Data for this task below:

(* Let $X_{j,i}\in\Theta$ ($1\le j\le m$, $1\le i\le n_j$) be data, let $k_1,\dots,k_m\ge 1$ and $M\ge1$ be integers, and let $P^j_{n_j}=\frac{1}{n_j}\sum_{i=1}^{n_j}\delta_{X_{j,i}}$. For $\vec G=(G_1,\dots,G_m)$ with $G_j\in\mathcal{O}_{k_j}(\Theta)$ and $\boldsymbol H=(H_1,\dots,H_M)$ with $H_i\in\mathcal{P}_2(\Theta)$, define $$f(\vec G,\boldsymbol H)=\sum_{j=1}^m\Big[W_2^2(G_j,P^j_{n_j})+\tfrac1m d_{W_2}^2(G_j,\boldsymbol H)\Big].$$ Consider one iteration of the Multilevel Wasserstein Means algorithm started from $(\vec G^{(t)},\boldsymbol H^{(t)})$: (1) for each $j$, let $i_j\in\arg\min_{1\le u\le M}W_2^2(G^{(t)}_j,H^{(t)}_u)$ and let $G^{(t+1)}_j$ be a minimizer over $G\in\mathcal{O}_{k_j}(\Theta)$ of $W_2^2(G,P^j_{n_j})+W_2^2(G,H^{(t)}_{i_j})/m$; (2) for each $j$, let $i'_j\in\arg\min_{1\le u\le M}W_2^2(G^{(t+1)}_j,H^{(t)}_u)$, set $C_i=\{l:i'_l=i\}$, and for each $i$ with $C_i\neq\emptyset$ let $H^{(t+1)}_i$ be a minimizer over $H\in\mathcal{P}_2(\Theta)$ of $\sum_{l\in C_i}W_2^2(H,G^{(t+1)}_l)$, while $H^{(t+1)}_i=H^{(t)}_i$ if $C_i=\emptyset$. Assuming all the minimizers above exist, $f(\vec G^{(t+1)},\boldsymbol H^{(t+1)})\le f(\vec G^{(t)},\boldsymbol H^{(t)})$. In particular the algorithm monotonically decreases the objective.
   Context: $\Theta\subset\mathbb{R}^d$; $\mathcal{P}_2(\Theta)$ is the set of Borel probability measures $G$ on $\Theta$ with $\int\|x\|^2dG(x)<\infty$. For $G,G'\in\mathcal{P}_2(\Theta)$, $W_2(G,G')=\big(\inf_{\pi\in\Pi(G,G')}\int\|x-y\|^2d\pi(x,y)\big)^{1/2}$, where $\Pi(G,G')$ is the set of couplings of $G$ and $G'$. $\mathcal{O}_k(\Theta)$ denotes the set of probability measures with at most $k$ support points in $\Theta$. For $\boldsymbol H=(H_1,\dots,H_M)$, $d_{W_2}^2(G,\boldsymbol H):=\min_{1\le i\le M}W_2^2(G,H_i)$. *)

theory Defs
  imports "HOL-Probability.Probability"
begin

definition P2 :: "'a::euclidean_space set \<Rightarrow> 'a measure set" where
  "P2 \<Theta> = {G. prob_space G \<and> sets G = sets borel \<and> (AE x in G. x \<in> \<Theta>)
              \<and> integrable G (\<lambda>x. (norm x)\<^sup>2)}"

definition Ok :: "nat \<Rightarrow> 'a::euclidean_space set \<Rightarrow> 'a measure set" where
  "Ok k \<Theta> = {G. prob_space G \<and> sets G = sets borel \<and>
      (\<exists>S. finite S \<and> card S \<le> k \<and> S \<subseteq> \<Theta> \<and> emeasure G S = 1)}"

definition couplings :: "'a::euclidean_space measure \<Rightarrow> 'a measure \<Rightarrow> ('a \<times> 'a) measure set" where
  "couplings G G' = {\<pi>. sets \<pi> = sets (borel \<Otimes>\<^sub>M borel) \<and>
      distr \<pi> borel fst = G \<and> distr \<pi> borel snd = G'}"

definition W2sq :: "'a::euclidean_space measure \<Rightarrow> 'a measure \<Rightarrow> ennreal" where
  "W2sq G G' = (INF \<pi>\<in>couplings G G'. \<integral>\<^sup>+ p. ennreal ((dist (fst p) (snd p))\<^sup>2) \<partial>\<pi>)"

definition dW2sq :: "'a::euclidean_space measure \<Rightarrow> (nat \<Rightarrow> 'a measure) \<Rightarrow> nat \<Rightarrow> ennreal" where
  "dW2sq G H M = (MIN i\<in>{1..M}. W2sq G (H i))"

definition empirical :: "nat \<Rightarrow> (nat \<Rightarrow> 'a::euclidean_space) \<Rightarrow> 'a measure" where
  "empirical n x = distr (uniform_count_measure {1..n}) borel x"

definition mwm_obj :: "nat \<Rightarrow> (nat \<Rightarrow> nat) \<Rightarrow> (nat \<Rightarrow> nat \<Rightarrow> 'a::euclidean_space) \<Rightarrow> nat
    \<Rightarrow> (nat \<Rightarrow> 'a measure) \<Rightarrow> (nat \<Rightarrow> 'a measure) \<Rightarrow> ennreal" where
  "mwm_obj m n X M G H =
     (\<Sum>j=1..m. W2sq (G j) (empirical (n j) (X j)) + dW2sq (G j) H M / of_nat m)"

end

theory Submission
  imports Defs
begin

text \<open>
  For any assignment \<open>a\<close> of the atoms \<open>G\<^sub>j\<close> to centres,
  \<open>f(G, H) \<le> \<Sum>\<^sub>j W\<^sub>2\<^sup>2(G\<^sub>j, P\<^sub>j) + W\<^sub>2\<^sup>2(G\<^sub>j, H\<^bsub>a j\<^esub>) / m\<close>, with equality when \<open>a\<close> is a
  nearest-centre assignment. Step (1) minimises this bound over \<open>G\<close> for \<open>a = idx\<close>;
  reassigning to the nearest centres \<open>idx'\<close> turns it back into \<open>f(G', H)\<close>; and step (2)
  minimises the bound for \<open>a = idx'\<close> over \<open>H\<close>, cluster by cluster, which by the symmetry
  of \<open>W\<^sub>2\<close> is exactly the barycenter problem the algorithm solves.
\<close>

lemma swap_measurable_coupling:
  assumes "\<pi> \<in> couplings G G'"
  shows "(\<lambda>(x, y). (y, x)) \<in> measurable \<pi> (borel \<Otimes>\<^sub>M borel)"
  using assms measurable_cong_sets[OF _ refl] measurable_pair_swap'[of borel borel]
  by (fastforce simp: couplings_def)

lemma swap_in_couplings:
  assumes "\<pi> \<in> couplings G' G"
  shows "distr \<pi> (borel \<Otimes>\<^sub>M borel) (\<lambda>(x, y). (y, x)) \<in> couplings G G'"
proof -
  have fst_\<pi>: "distr \<pi> borel fst = G'" and snd_\<pi>: "distr \<pi> borel snd = G"
    using assms by (auto simp: couplings_def)
  note swap = swap_measurable_coupling[OF assms]
  have "distr (distr \<pi> (borel \<Otimes>\<^sub>M borel) (\<lambda>(x, y). (y, x))) borel fst = G"
    using distr_distr[OF measurable_fst swap] snd_\<pi>
    by (simp add: comp_def case_prod_beta)
  moreover have "distr (distr \<pi> (borel \<Otimes>\<^sub>M borel) (\<lambda>(x, y). (y, x))) borel snd = G'"
    using distr_distr[OF measurable_snd swap] fst_\<pi>
    by (simp add: comp_def case_prod_beta)
  ultimately show ?thesis
    by (simp add: couplings_def)
qed

lemma W2sq_le_W2sq_swap: "W2sq G G' \<le> W2sq G' G"
  unfolding W2sq_def
proof (rule INF_greatest)
  let ?cost = "\<lambda>p. ennreal ((dist (fst p) (snd p))\<^sup>2)"
  fix \<pi> assume \<pi>: "\<pi> \<in> couplings G' G"
  note swap = swap_measurable_coupling[OF \<pi>]
  have cost: "?cost \<in> borel_measurable (borel \<Otimes>\<^sub>M (borel::'a measure))"
    by measurable
  have "(INF \<pi>'\<in>couplings G G'. integral\<^sup>N \<pi>' ?cost)
      \<le> integral\<^sup>N (distr \<pi> (borel \<Otimes>\<^sub>M borel) (\<lambda>(x, y). (y, x))) ?cost"
    by (rule INF_lower[OF swap_in_couplings[OF \<pi>]])
  also have "\<dots> = (\<integral>\<^sup>+ p. ?cost ((\<lambda>(x, y). (y, x)) p) \<partial>\<pi>)"
    by (rule nn_integral_distr[OF swap]) (simp add: cost)
  also have "\<dots> = integral\<^sup>N \<pi> ?cost"
    by (simp add: case_prod_beta dist_commute)
  finally show "(INF \<pi>'\<in>couplings G G'. integral\<^sup>N \<pi>' ?cost) \<le> integral\<^sup>N \<pi> ?cost" .
qed

lemma W2sq_commute: "W2sq G G' = W2sq G' G"
  by (simp add: W2sq_le_W2sq_swap antisym)

lemma dW2sq_le_W2sq: "i \<in> {1..M} \<Longrightarrow> dW2sq G H M \<le> W2sq G (H i)"
  unfolding dW2sq_def by (simp add: Min_le)

lemma dW2sq_eq_W2sq:
  assumes "i \<in> {1..M}" and "\<forall>u\<in>{1..M}. W2sq G (H i) \<le> W2sq G (H u)"
  shows "dW2sq G H M = W2sq G (H i)"
  unfolding dW2sq_def using assms by (intro antisym Min_le Min.boundedI) auto

lemma sum_clusters_mono:
  fixes f g :: "'i \<Rightarrow> 'j \<Rightarrow> 'b::ordered_comm_monoid_add"
  assumes "finite J" "finite I" "a ` J \<subseteq> I"
    and "\<And>i. i \<in> I \<Longrightarrow> (\<Sum>l\<in>{l\<in>J. a l = i}. f i l) \<le> (\<Sum>l\<in>{l\<in>J. a l = i}. g i l)"
  shows "(\<Sum>j\<in>J. f (a j) j) \<le> (\<Sum>j\<in>J. g (a j) j)"
proof -
  have regroup: "(\<Sum>j\<in>J. h (a j) j) = (\<Sum>i\<in>I. \<Sum>l\<in>{l\<in>J. a l = i}. h i l)" for h :: "'i \<Rightarrow> 'j \<Rightarrow> 'b"
    using sum.group[OF assms(1-3), of "\<lambda>j. h (a j) j"] by (auto intro!: sum.cong)
  show ?thesis
    unfolding regroup by (intro sum_mono assms(4))
qed

lemma sum_add_divide_ennreal:
  "(\<Sum>j\<in>J. a j + b j / c) = (\<Sum>j\<in>J. a j) + (\<Sum>j\<in>J. b j) / (c::ennreal)"
  by (simp add: sum.distrib divide_ennreal_def sum_distrib_right)

lemma mwm_obj_le_assignment:
  assumes "\<forall>j\<in>{1..m}. a j \<in> {1..M}"
  shows "mwm_obj m n X M G H
    \<le> (\<Sum>j=1..m. W2sq (G j) (empirical (n j) (X j)) + W2sq (G j) (H (a j)) / of_nat m)"
  unfolding mwm_obj_def using assms
  by (intro sum_mono add_left_mono divide_right_mono_ennreal dW2sq_le_W2sq) auto

lemma mwm_obj_eq_nearest_assignment:
  assumes "\<forall>j\<in>{1..m}. a j \<in> {1..M}"
    and "\<forall>j\<in>{1..m}. \<forall>u\<in>{1..M}. W2sq (G j) (H (a j)) \<le> W2sq (G j) (H u)"
  shows "mwm_obj m n X M G H
    = (\<Sum>j=1..m. W2sq (G j) (empirical (n j) (X j)) + W2sq (G j) (H (a j)) / of_nat m)"
  unfolding mwm_obj_def
proof (intro sum.cong refl)
  fix j assume "j \<in> {1..m}"
  with assms have "dW2sq (G j) H M = W2sq (G j) (H (a j))"
    by (intro dW2sq_eq_W2sq) auto
  then show "W2sq (G j) (empirical (n j) (X j)) + dW2sq (G j) H M / of_nat m
    = W2sq (G j) (empirical (n j) (X j)) + W2sq (G j) (H (a j)) / of_nat m"
    by simp
qed

theorem theorem3p1:
  fixes \<Theta> :: "'a::euclidean_space set"
    and m M :: nat and n k :: "nat \<Rightarrow> nat"
    and X :: "nat \<Rightarrow> nat \<Rightarrow> 'a"
    and G G' H H' :: "nat \<Rightarrow> 'a measure"
    and idx idx' :: "nat \<Rightarrow> nat"
  assumes m_pos: "m \<ge> 1" and M_pos: "M \<ge> 1"
    and n_pos: "\<forall>j\<in>{1..m}. n j \<ge> 1"
    and k_pos: "\<forall>j\<in>{1..m}. k j \<ge> 1"
    and X_in: "\<forall>j\<in>{1..m}. \<forall>i\<in>{1..n j}. X j i \<in> \<Theta>"
    and G_in: "\<forall>j\<in>{1..m}. G j \<in> Ok (k j) \<Theta>"
    and H_in: "\<forall>i\<in>{1..M}. H i \<in> P2 \<Theta>"
    and idx_range: "\<forall>j\<in>{1..m}. idx j \<in> {1..M}"
    and idx_min: "\<forall>j\<in>{1..m}. \<forall>u\<in>{1..M}. W2sq (G j) (H (idx j)) \<le> W2sq (G j) (H u)"
    and G'_in: "\<forall>j\<in>{1..m}. G' j \<in> Ok (k j) \<Theta>"
    and G'_min: "\<forall>j\<in>{1..m}. \<forall>F\<in>Ok (k j) \<Theta>.
        W2sq (G' j) (empirical (n j) (X j)) + W2sq (G' j) (H (idx j)) / of_nat m
        \<le> W2sq F (empirical (n j) (X j)) + W2sq F (H (idx j)) / of_nat m"
    and idx'_range: "\<forall>j\<in>{1..m}. idx' j \<in> {1..M}"
    and idx'_min: "\<forall>j\<in>{1..m}. \<forall>u\<in>{1..M}. W2sq (G' j) (H (idx' j)) \<le> W2sq (G' j) (H u)"
    and H'_nonempty: "\<forall>i\<in>{1..M}. {l\<in>{1..m}. idx' l = i} \<noteq> {} \<longrightarrow>
        H' i \<in> P2 \<Theta> \<and>
        (\<forall>F\<in>P2 \<Theta>. (\<Sum>l\<in>{l\<in>{1..m}. idx' l = i}. W2sq (H' i) (G' l))
                    \<le> (\<Sum>l\<in>{l\<in>{1..m}. idx' l = i}. W2sq F (G' l)))"
    and H'_empty: "\<forall>i\<in>{1..M}. {l\<in>{1..m}. idx' l = i} = {} \<longrightarrow> H' i = H i"
  shows "mwm_obj m n X M G' H' \<le> mwm_obj m n X M G H"
proof -
  let ?P = "\<lambda>j. empirical (n j) (X j)"
  have cluster_le: "(\<Sum>l\<in>{l\<in>{1..m}. idx' l = i}. W2sq (G' l) (H' i))
      \<le> (\<Sum>l\<in>{l\<in>{1..m}. idx' l = i}. W2sq (G' l) (H i))" if "i \<in> {1..M}" for i
  proof (cases "{l\<in>{1..m}. idx' l = i} = {}")
    case True
    then show ?thesis by (simp only: sum.empty)
  next
    case False
    with that H_in H'_nonempty
    have "(\<Sum>l\<in>{l\<in>{1..m}. idx' l = i}. W2sq (H' i) (G' l))
        \<le> (\<Sum>l\<in>{l\<in>{1..m}. idx' l = i}. W2sq (H i) (G' l))"
      by blast
    then show ?thesis by (simp only: W2sq_commute[of "H' i"] W2sq_commute[of "H i"])
  qed
  have clusters: "(\<Sum>j=1..m. W2sq (G' j) (H' (idx' j))) \<le> (\<Sum>j=1..m. W2sq (G' j) (H (idx' j)))"
    by (rule sum_clusters_mono[where I = "{1..M}", OF _ _ _ cluster_le]) (use idx'_range in auto)
  have "mwm_obj m n X M G' H'
      \<le> (\<Sum>j=1..m. W2sq (G' j) (?P j) + W2sq (G' j) (H' (idx' j)) / of_nat m)"
    using idx'_range by (rule mwm_obj_le_assignment)
  also have "\<dots> \<le> (\<Sum>j=1..m. W2sq (G' j) (?P j) + W2sq (G' j) (H (idx' j)) / of_nat m)"
    unfolding sum_add_divide_ennreal by (intro add_left_mono divide_right_mono_ennreal clusters)
  also have "\<dots> = mwm_obj m n X M G' H"
    using idx'_range idx'_min by (rule mwm_obj_eq_nearest_assignment[symmetric])
  also have "\<dots> \<le> (\<Sum>j=1..m. W2sq (G' j) (?P j) + W2sq (G' j) (H (idx j)) / of_nat m)"
    using idx_range by (rule mwm_obj_le_assignment)
  also have "\<dots> \<le> (\<Sum>j=1..m. W2sq (G j) (?P j) + W2sq (G j) (H (idx j)) / of_nat m)"
    using G'_min G_in by (intro sum_mono) auto
  also have "\<dots> = mwm_obj m n X M G H"
    using idx_range idx_min by (rule mwm_obj_eq_nearest_assignment[symmetric])
  finally show ?thesis .
qed

end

End of Data for this task.

What the exercise asks:
Identify each line in the records above that contains the word "Otimes", and copy it out in full.

Response area:
  "couplings G G' = {\<pi>. sets \<pi> = sets (borel \<Otimes>\<^sub>M borel) \<and>
  shows "(\<lambda>(x, y). (y, x)) \<in> measurable \<pi> (borel \<Otimes>\<^sub>M borel)"
  shows "distr \<pi> (borel \<Otimes>\<^sub>M borel) (\<lambda>(x, y). (y, x)) \<in> couplings G G'"
  have "distr (distr \<pi> (borel \<Otimes>\<^sub>M borel) (\<lambda>(x, y). (y, x))) borel fst = G"
  moreover have "distr (distr \<pi> (borel \<Otimes>\<^sub>M borel) (\<lambda>(x, y). (y, x))) borel snd = G'"
  have cost: "?cost \<in> borel_measurable (borel \<Otimes>\<^sub>M (borel::'a measure))"
      \<le> integral\<^sup>N (distr \<pi> (borel \<Otimes>\<^sub>M borel) (\<lambda>(x, y). (y, x))) ?cost"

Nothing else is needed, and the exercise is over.